PREFACE TO AMERICAN EDITION
THE NOBILITY OF THE SEX PROBLEM
Of all the problems which the alert and curious mind of modern man is
considering, none occupies him more than that of the relations of the
sexes. This is natural. It touches us all and we have made rather a mess
of it! We want to know why, and we want to do better. We resent being the
sport of circumstance and perhaps we are beginning to understand that this
instinct of sex which has been so great a cause of suffering and shame and
has been treated as a subject fit only for furtive whispers or silly jokes,
is in fact one of the greatest powers in human nature, and that its misuse
is indeed "the expense of spirit in a waste of shame."
It is not the abnormal or the bizarre that interests most of us to-day. It
is not into the by-ways of vice that we seek to penetrate. It is the normal
exercise of a normal instinct by normal people that interests us: and it is
of this that I have tried to write and speak. The curiosities of depravity
are for the physician and the psychologist to discuss and cure. Ordinary
men and women want first to know how to live ordinary human lives on
a higher level and after a nobler pattern than before. They want, I
think,--and I want,--to grow up, but to grow rightly, beautifully,
humanely.
And I believe the first essential is to realize that the sex-problem, as it
is called, is the problem of something noble, not something base. It is
not a "disagreeable duty" to know our own natures and understand our own
instincts: it is a joy. The sex-instinct is not "the Fall of Man"; neither
is it an instance of divine wisdom on which moralists could, if they had
only been consulted in time, greatly have improved. It is a thing noble in
essence. It is the development of the higher, not the lower, creation. It
is the asexual which is the lower, and the sexually differentiated which is
the higher organism.
In the humbler ranks of being there is no sex, and in a sense no death. The
organism is immortal because--strange paradox--it is not yet alive enough
to die. But as we pass from the lower to the higher, we pass from the less
individual to the more individual; from asexual to sexual. And with this
change comes that great rhythm by which life and death succeed each other,
and death is the _cost_ of life, and to bring life into the world means
sacrifice; and--as we rise higher still--to sustain life means prolonged
and altruistic love. This is the history of sex and of procreation, a
history associated with the rising of humanity in the scale of being, a
history not so much of his physical as of his spiritual growth.

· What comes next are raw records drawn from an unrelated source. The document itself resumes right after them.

lemma y_smooth_g: "f \<in> y_smooth \<Longrightarrow> (\<lambda>y t. g (f y t)) \<in> y_smooth"
proof -
  assume "f \<in> y_smooth"
  then have "(\<lambda>y t. exp ((-5) * (f y t * f y t))) \<in> y_smooth" by (intro y_smooth.intros)
  then show ?thesis by (simp add: g_def power2_eq_square)
qed

lemma y_smooth_psi1: "f \<in> y_smooth \<Longrightarrow> (\<lambda>y t. psi1 (f y t)) \<in> y_smooth"
proof -
  assume "f \<in> y_smooth"
  then have "(\<lambda>y t. exp 1 * exp_inv_deriv 0 (1 - (2 * f y t) * (2 * f y t))) \<in> y_smooth"
    by (intro y_smooth.intros y_smooth_diff)
  then show ?thesis by (simp add: psi1_def psi_tilde_eq_exp_inv_deriv power2_eq_square)
qed

lemma Q1_mean_in_y_smooth: "Q1_mean \<in> y_smooth"
proof -
  have "(\<lambda>y t. (g (t * (1 / y) - s1 - y) * g (t * (1 / y) - s1 - y)
              + g (t * (1 / y) - s2 + y) * g (t * (1 / y) - s2 + y)) * psi1 (t * (1 / y)) * (1 / y))
        \<in> y_smooth"
    by (intro y_smooth.intros y_smooth_diff y_smooth_g y_smooth_psi1)
  then show ?thesis by (simp add: Q1_mean_def[abs_def] power2_eq_square)
qed

lemma Q1_osc_in_y_smooth: "Q1_osc \<in> y_smooth"
proof -
  have "(\<lambda>y t. 2 * g (t * (1 / y) - s1 - y) * g (t * (1 / y) - s2 + y) * psi1 (t * (1 / y)) * (1 / y))
        \<in> y_smooth"
    by (intro y_smooth.intros y_smooth_diff y_smooth_g y_smooth_psi1)
  then show ?thesis by (simp add: Q1_osc_def[abs_def])
qed

lemma Q1_integrand_rescaled:
  assumes "0 < y" "0 < eps"
  shows "(cmod (u eps (t / y) y))\<^sup>2 * psi1 (t / y) / y = Q1_mean y t + cos (4 * t / eps) * Q1_osc y t"
proof -
  have "Phi0 (t / y - y) / eps - Phi0 (t / y + y) / eps = - (4 * t / eps)"
    using assms by (simp add: Phi0_def field_simps power2_eq_square)
  then have "(cmod (u eps (t / y) y))\<^sup>2 = (g (t / y - s1 - y))\<^sup>2 + (g (t / y - s2 + y))\<^sup>2
               + 2 * g (t / y - s1 - y) * g (t / y - s2 + y) * cos (4 * t / eps)"
    unfolding u_def cmod_sum_cis_squared by simp
  then show ?thesis by (simp add: Q1_mean_def Q1_osc_def algebra_simps add_divide_distrib)
qed

lemma Q1_eq_window_integrals:
  assumes "0 < y" "y < 2 * R" "0 < eps"
  shows "Q1 eps y = window_integral R (\<lambda>t. 1) Q1_mean y
                    + window_integral R (\<lambda>t. cos (4 * t / eps)) Q1_osc y"
proof -
  define f where "f x = (cmod (u eps x y))\<^sup>2 * psi1 x" for x
  define h where "h t = Q1_mean y t + cos (4 * t / eps) * Q1_osc y t" for t
  have cont_mean: "continuous_on S (Q1_mean y)" for S
    by (rule y_smooth_continuous_on_t[OF Q1_mean_in_y_smooth \<open>0 < y\<close>])
  have cont_osc: "continuous_on S (\<lambda>t. cos (4 * t / eps) * Q1_osc y t)" for S
    using y_smooth_continuous_on_t[OF Q1_osc_in_y_smooth \<open>0 < y\<close>] \<open>0 < eps\<close>
    by (auto intro!: continuous_intros)
  have "Q1 eps y = \<bar>1 / y\<bar> *\<^sub>R (\<integral>t. f (0 + 1 / y * t) \<partial>lborel)"
    unfolding Q1_def f_def[symmetric] by (rule lborel_integral_real_affine) (use assms in simp)
  also have "\<dots> = (\<integral>t. 1 / y * f (t / y) \<partial>lborel)"
    using assms by (simp add: integral_mult_right_zero)
  also have "\<dots> = (\<integral>t. h t \<partial>lborel)"
    using Q1_integrand_rescaled[OF assms(1,3)] by (simp add: f_def h_def)
  also have "\<dots> = integral {-R..R} h"
  proof (rule lborel_integral_eq_interval_integral)
    show "continuous_on UNIV h" unfolding h_def by (intro continuous_on_add cont_mean cont_osc)
    fix t assume "t \<notin> {-R..R}"
    then have "1 / 2 \<le> \<bar>t / y\<bar>" using assms by (auto simp: field_simps)
    then show "h t = 0" by (simp add: h_def Q1_mean_def Q1_osc_def psi1_eq_0)
  qed
  also have "\<dots> = integral {-R..R} (\<lambda>t. 1 * Q1_mean y t) + integral {-R..R} (\<lambda>t. cos (4 * t / eps) * Q1_osc y t)"
    unfolding h_def using cont_mean cont_osc
    by (simp add: integral_add integrable_continuous_real)
  finally show ?thesis by (simp add: window_integral_def)
qed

By what an irony have we come to associate the instinct of sex with all
that is bestial and shameful!
It has happened because the corruption of the best is the worst. I always
want to remind people of this truism when they have _first_ come into
contact with sex in some horrible and shameful way. That is one of the
greatest misfortunes that can happen to any of us, and unfortunately it
happens to many. Boys and girls are allowed to grow up in ignorance. The
girls perhaps know nothing till they have to know all. The boys learn
from grimy sources. I was speaking on this subject at one of our great
universities the other day, and afterwards many of the men came and talked
to me privately. With hardly a single exception they said to me--"Our
parents told us nothing. We have never heard sex spoken of except in a
dirty way."
It is difficult for us, in such a case, to realize that sex is not a
dirty thing. It _can_ only be realized, I think, by remembering that
the corruption of the best is the worst, and that we can measure by the
hideousness of debased and depraved sexuality, the greatness and the wonder
of sex love.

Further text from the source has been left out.